Below are some records. Print exactly the lines between the one holding "using assms(2) unfolding" and the one holding "exp (a * B)", inclusive, and nothing else.

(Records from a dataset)
+ + + + +

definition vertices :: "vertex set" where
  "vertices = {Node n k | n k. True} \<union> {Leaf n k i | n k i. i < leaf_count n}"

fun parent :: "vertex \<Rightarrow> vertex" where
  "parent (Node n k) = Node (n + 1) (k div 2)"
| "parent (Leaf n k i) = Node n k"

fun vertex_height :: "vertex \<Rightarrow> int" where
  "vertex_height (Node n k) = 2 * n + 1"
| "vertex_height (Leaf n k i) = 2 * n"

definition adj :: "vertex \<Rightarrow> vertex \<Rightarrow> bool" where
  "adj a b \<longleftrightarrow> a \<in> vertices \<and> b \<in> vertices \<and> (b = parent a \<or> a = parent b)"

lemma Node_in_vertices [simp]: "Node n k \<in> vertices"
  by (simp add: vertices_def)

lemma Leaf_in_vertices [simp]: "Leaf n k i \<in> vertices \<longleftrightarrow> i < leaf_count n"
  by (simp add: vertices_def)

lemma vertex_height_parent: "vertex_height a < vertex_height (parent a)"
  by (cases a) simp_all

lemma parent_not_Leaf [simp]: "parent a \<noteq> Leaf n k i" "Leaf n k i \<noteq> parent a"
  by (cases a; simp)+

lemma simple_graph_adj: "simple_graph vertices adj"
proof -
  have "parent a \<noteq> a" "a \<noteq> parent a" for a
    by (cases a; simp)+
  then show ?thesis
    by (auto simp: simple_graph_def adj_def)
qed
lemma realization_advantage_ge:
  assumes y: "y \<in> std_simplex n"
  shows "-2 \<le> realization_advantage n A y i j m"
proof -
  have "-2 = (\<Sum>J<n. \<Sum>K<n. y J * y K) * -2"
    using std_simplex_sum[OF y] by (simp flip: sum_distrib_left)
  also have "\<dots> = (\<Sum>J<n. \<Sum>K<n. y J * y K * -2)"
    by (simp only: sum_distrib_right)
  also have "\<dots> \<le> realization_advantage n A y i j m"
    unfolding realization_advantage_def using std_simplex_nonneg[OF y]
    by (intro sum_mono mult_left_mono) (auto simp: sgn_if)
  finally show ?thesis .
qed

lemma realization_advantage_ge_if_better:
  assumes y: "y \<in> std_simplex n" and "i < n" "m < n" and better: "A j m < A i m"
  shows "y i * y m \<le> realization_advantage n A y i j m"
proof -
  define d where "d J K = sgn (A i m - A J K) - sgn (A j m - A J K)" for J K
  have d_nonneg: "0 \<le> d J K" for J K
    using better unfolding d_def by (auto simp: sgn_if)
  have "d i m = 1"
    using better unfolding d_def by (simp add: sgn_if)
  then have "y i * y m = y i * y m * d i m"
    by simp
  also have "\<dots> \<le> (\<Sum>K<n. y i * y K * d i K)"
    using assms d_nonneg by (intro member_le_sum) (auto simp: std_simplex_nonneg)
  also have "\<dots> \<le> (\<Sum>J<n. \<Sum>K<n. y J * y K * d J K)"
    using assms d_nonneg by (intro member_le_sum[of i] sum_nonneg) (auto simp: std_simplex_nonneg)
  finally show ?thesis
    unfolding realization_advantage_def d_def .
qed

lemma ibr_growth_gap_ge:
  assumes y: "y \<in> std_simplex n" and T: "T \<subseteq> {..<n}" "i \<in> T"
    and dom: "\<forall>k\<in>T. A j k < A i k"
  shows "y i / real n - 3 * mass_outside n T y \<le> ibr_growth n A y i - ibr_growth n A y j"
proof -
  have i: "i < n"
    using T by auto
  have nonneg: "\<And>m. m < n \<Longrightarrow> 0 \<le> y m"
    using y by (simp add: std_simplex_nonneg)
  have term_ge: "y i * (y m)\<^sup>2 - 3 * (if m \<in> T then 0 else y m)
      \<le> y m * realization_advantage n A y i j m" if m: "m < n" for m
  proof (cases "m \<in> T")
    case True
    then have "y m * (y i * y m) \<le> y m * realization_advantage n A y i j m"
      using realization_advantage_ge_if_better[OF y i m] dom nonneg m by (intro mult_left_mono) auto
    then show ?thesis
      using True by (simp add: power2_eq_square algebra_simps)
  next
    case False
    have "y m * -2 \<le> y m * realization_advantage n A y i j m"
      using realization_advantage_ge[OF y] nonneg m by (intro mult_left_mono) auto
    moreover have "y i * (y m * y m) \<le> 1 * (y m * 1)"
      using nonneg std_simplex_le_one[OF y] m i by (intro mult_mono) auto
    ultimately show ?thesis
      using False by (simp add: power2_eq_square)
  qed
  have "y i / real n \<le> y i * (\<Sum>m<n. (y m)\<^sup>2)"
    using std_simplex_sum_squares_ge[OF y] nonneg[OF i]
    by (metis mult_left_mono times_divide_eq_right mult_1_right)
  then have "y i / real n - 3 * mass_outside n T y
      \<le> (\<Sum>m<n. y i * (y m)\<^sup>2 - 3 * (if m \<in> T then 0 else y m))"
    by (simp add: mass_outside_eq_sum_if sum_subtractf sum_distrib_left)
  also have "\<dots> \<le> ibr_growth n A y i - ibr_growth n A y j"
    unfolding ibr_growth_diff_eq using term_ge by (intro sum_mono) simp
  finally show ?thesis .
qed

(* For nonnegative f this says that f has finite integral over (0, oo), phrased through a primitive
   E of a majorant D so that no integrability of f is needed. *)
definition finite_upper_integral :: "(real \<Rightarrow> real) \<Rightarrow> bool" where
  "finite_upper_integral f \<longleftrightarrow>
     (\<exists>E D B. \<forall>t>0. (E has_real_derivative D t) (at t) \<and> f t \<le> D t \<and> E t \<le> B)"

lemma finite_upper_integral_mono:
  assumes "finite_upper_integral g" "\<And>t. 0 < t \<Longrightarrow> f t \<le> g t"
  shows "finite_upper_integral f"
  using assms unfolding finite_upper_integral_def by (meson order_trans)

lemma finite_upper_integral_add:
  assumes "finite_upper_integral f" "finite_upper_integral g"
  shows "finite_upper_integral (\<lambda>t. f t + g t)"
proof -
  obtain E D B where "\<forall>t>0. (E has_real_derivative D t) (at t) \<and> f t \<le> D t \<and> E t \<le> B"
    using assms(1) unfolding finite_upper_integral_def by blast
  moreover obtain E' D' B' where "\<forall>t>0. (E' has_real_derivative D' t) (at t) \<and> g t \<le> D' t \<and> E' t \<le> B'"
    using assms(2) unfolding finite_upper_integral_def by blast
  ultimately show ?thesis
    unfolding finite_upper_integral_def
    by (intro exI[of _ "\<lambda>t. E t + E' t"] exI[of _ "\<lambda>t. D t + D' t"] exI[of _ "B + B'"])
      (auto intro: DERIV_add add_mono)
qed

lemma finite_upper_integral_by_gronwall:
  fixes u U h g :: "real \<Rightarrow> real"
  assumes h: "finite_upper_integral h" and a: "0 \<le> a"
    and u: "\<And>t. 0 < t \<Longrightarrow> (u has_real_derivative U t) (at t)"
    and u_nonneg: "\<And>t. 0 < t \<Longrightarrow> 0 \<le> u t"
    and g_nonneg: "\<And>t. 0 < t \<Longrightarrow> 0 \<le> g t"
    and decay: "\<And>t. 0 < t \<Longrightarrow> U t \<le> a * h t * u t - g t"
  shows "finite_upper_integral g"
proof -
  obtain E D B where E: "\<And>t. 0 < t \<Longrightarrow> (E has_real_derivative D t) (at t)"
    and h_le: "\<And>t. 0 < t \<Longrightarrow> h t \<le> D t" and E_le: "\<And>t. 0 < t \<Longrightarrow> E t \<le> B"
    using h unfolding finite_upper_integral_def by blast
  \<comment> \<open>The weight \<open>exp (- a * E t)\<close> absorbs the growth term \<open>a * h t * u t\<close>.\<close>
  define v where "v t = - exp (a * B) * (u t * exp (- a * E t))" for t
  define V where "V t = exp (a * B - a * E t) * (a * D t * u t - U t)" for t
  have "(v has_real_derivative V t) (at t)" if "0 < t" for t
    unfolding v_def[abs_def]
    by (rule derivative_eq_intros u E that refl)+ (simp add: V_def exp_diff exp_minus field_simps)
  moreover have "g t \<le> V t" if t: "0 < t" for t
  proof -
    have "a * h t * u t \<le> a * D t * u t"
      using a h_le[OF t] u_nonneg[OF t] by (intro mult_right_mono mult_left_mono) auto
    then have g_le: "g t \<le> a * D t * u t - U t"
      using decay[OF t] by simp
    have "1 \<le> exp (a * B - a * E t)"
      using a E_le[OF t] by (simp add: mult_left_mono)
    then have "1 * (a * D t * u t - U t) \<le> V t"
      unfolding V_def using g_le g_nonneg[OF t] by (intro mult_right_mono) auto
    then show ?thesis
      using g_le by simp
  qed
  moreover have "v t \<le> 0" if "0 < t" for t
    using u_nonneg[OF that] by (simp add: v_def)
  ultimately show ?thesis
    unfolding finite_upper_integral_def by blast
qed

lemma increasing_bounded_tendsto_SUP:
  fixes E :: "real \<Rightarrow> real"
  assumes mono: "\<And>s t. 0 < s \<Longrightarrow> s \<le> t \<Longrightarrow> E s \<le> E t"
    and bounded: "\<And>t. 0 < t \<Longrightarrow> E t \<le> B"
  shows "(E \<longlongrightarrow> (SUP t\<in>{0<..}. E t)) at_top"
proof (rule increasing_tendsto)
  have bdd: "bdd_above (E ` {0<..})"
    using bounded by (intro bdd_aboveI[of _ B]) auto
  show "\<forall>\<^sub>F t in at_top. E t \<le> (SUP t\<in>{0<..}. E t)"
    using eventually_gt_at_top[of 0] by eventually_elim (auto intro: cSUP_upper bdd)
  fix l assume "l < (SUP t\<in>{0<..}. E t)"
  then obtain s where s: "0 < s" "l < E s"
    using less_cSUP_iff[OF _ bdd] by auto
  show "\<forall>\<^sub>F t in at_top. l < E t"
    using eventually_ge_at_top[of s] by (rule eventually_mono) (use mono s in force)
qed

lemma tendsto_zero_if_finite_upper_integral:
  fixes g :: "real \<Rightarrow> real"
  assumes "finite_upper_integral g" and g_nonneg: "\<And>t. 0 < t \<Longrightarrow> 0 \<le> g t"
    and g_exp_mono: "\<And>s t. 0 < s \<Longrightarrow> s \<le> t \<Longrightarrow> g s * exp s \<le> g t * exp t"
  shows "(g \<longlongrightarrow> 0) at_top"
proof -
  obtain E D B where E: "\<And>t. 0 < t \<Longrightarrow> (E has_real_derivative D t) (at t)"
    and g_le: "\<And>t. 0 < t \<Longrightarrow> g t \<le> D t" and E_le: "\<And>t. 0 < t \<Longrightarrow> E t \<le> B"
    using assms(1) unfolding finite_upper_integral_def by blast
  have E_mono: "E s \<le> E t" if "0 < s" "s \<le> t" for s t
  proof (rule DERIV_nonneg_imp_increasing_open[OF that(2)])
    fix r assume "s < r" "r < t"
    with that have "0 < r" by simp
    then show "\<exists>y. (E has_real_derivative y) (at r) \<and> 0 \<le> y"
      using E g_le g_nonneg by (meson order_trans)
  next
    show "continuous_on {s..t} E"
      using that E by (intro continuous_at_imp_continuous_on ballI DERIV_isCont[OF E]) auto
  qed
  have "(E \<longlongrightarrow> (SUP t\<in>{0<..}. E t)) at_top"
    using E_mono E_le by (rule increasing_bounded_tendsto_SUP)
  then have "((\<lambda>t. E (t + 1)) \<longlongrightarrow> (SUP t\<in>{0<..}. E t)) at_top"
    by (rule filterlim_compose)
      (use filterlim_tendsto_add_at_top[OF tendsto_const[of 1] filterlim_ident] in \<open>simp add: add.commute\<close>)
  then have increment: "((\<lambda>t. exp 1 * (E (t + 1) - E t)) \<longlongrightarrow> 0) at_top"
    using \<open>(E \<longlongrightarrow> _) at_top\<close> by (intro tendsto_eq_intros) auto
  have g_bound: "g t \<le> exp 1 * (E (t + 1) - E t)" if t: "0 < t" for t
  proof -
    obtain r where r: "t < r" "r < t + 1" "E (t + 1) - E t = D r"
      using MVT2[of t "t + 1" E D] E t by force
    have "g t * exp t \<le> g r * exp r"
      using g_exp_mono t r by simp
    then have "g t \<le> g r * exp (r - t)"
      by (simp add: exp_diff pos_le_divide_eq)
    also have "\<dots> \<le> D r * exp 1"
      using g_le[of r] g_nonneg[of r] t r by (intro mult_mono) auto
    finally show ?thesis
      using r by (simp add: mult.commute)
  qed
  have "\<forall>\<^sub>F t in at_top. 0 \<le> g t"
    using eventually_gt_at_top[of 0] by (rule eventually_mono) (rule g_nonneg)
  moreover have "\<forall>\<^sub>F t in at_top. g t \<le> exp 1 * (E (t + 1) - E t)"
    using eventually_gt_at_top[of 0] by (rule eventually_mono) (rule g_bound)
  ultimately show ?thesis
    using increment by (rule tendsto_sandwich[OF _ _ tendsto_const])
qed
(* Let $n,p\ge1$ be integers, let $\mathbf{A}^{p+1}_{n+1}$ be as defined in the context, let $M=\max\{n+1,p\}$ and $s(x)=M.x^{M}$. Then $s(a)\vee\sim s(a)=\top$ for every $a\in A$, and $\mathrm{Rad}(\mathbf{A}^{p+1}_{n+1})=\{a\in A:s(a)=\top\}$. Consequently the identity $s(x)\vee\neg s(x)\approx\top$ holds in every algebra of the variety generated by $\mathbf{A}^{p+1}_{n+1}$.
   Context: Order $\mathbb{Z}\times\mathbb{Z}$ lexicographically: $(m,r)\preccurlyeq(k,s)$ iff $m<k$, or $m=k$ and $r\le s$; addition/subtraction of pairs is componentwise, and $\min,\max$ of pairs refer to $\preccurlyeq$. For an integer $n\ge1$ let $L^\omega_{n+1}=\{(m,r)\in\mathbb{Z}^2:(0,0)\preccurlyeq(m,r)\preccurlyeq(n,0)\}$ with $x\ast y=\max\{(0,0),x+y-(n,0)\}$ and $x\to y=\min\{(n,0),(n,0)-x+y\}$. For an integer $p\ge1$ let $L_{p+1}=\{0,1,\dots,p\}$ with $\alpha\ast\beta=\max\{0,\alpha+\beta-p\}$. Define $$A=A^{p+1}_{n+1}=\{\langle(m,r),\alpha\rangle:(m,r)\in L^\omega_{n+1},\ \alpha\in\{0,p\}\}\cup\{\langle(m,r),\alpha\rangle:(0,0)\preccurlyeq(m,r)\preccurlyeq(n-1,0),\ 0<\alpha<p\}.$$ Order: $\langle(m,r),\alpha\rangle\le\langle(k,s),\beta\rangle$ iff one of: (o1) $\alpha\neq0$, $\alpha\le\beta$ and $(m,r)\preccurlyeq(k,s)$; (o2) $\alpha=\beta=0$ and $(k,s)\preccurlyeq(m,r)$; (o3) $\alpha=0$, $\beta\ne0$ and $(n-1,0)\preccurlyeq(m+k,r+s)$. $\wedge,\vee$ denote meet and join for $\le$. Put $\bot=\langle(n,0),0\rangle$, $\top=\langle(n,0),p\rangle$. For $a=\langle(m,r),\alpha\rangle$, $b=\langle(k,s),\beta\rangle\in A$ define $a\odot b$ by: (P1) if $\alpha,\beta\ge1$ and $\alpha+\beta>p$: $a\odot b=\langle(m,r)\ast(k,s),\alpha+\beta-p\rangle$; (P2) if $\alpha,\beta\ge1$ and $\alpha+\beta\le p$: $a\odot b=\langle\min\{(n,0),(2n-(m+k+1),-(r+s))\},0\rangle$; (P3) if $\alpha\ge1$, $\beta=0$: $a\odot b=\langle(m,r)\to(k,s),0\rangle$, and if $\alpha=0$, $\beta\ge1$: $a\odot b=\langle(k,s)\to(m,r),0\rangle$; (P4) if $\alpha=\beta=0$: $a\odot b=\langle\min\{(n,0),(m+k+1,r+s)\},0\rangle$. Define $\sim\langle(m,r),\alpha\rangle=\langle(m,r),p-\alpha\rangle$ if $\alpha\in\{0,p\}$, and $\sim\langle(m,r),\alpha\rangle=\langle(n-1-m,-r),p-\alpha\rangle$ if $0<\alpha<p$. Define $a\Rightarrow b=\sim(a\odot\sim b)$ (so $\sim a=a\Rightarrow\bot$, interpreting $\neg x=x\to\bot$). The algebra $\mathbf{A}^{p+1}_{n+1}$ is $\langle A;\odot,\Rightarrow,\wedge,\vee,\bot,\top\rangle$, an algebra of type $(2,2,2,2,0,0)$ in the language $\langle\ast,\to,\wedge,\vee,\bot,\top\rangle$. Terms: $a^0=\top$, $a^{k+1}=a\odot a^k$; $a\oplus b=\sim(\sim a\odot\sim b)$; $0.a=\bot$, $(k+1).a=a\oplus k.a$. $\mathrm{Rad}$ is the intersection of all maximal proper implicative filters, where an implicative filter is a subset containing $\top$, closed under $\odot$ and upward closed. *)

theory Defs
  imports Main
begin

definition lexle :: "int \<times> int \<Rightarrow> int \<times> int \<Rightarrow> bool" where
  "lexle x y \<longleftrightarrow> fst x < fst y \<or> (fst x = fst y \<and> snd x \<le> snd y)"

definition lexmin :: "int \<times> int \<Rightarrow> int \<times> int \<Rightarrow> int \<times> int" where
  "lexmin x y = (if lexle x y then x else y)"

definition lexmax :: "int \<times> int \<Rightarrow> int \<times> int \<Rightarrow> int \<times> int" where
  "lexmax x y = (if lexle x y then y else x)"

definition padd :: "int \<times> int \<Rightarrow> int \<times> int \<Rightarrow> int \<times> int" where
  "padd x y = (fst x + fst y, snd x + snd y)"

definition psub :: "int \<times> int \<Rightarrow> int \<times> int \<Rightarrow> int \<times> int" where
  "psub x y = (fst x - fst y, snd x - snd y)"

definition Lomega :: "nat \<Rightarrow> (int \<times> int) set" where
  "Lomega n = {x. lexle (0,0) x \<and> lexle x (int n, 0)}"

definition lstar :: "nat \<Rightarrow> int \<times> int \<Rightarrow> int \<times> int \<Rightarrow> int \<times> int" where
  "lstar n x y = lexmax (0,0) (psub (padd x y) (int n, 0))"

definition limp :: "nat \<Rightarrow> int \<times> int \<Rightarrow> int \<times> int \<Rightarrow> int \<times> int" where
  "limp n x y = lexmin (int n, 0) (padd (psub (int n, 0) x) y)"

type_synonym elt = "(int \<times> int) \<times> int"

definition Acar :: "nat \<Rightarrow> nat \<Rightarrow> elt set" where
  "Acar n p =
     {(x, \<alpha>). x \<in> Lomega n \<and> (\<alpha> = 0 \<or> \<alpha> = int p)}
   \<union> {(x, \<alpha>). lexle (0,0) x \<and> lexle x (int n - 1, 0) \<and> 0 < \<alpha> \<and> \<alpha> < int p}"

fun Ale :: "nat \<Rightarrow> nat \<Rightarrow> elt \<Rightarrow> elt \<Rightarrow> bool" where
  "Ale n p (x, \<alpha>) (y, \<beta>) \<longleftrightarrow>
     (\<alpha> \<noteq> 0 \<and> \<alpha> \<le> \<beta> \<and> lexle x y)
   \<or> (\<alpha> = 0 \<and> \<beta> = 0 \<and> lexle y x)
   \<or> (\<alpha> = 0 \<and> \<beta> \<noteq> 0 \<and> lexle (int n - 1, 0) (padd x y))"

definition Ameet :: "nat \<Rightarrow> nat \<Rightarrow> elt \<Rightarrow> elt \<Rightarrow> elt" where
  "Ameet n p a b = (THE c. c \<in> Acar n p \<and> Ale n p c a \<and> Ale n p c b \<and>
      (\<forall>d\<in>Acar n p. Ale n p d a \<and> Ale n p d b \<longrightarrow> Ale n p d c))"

+ + + + +

## OUTPUT
    using assms(2) unfolding finite_upper_integral_def by blast
  ultimately show ?thesis
    unfolding finite_upper_integral_def
    by (intro exI[of _ "\<lambda>t. E t + E' t"] exI[of _ "\<lambda>t. D t + D' t"] exI[of _ "B + B'"])
      (auto intro: DERIV_add add_mono)
qed

lemma finite_upper_integral_by_gronwall:
  fixes u U h g :: "real \<Rightarrow> real"
  assumes h: "finite_upper_integral h" and a: "0 \<le> a"
    and u: "\<And>t. 0 < t \<Longrightarrow> (u has_real_derivative U t) (at t)"
    and u_nonneg: "\<And>t. 0 < t \<Longrightarrow> 0 \<le> u t"
    and g_nonneg: "\<And>t. 0 < t \<Longrightarrow> 0 \<le> g t"
    and decay: "\<And>t. 0 < t \<Longrightarrow> U t \<le> a * h t * u t - g t"
  shows "finite_upper_integral g"
proof -
  obtain E D B where E: "\<And>t. 0 < t \<Longrightarrow> (E has_real_derivative D t) (at t)"
    and h_le: "\<And>t. 0 < t \<Longrightarrow> h t \<le> D t" and E_le: "\<And>t. 0 < t \<Longrightarrow> E t \<le> B"
    using h unfolding finite_upper_integral_def by blast
  \<comment> \<open>The weight \<open>exp (- a * E t)\<close> absorbs the growth term \<open>a * h t * u t\<close>.\<close>
  define v where "v t = - exp (a * B) * (u t * exp (- a * E t))" for t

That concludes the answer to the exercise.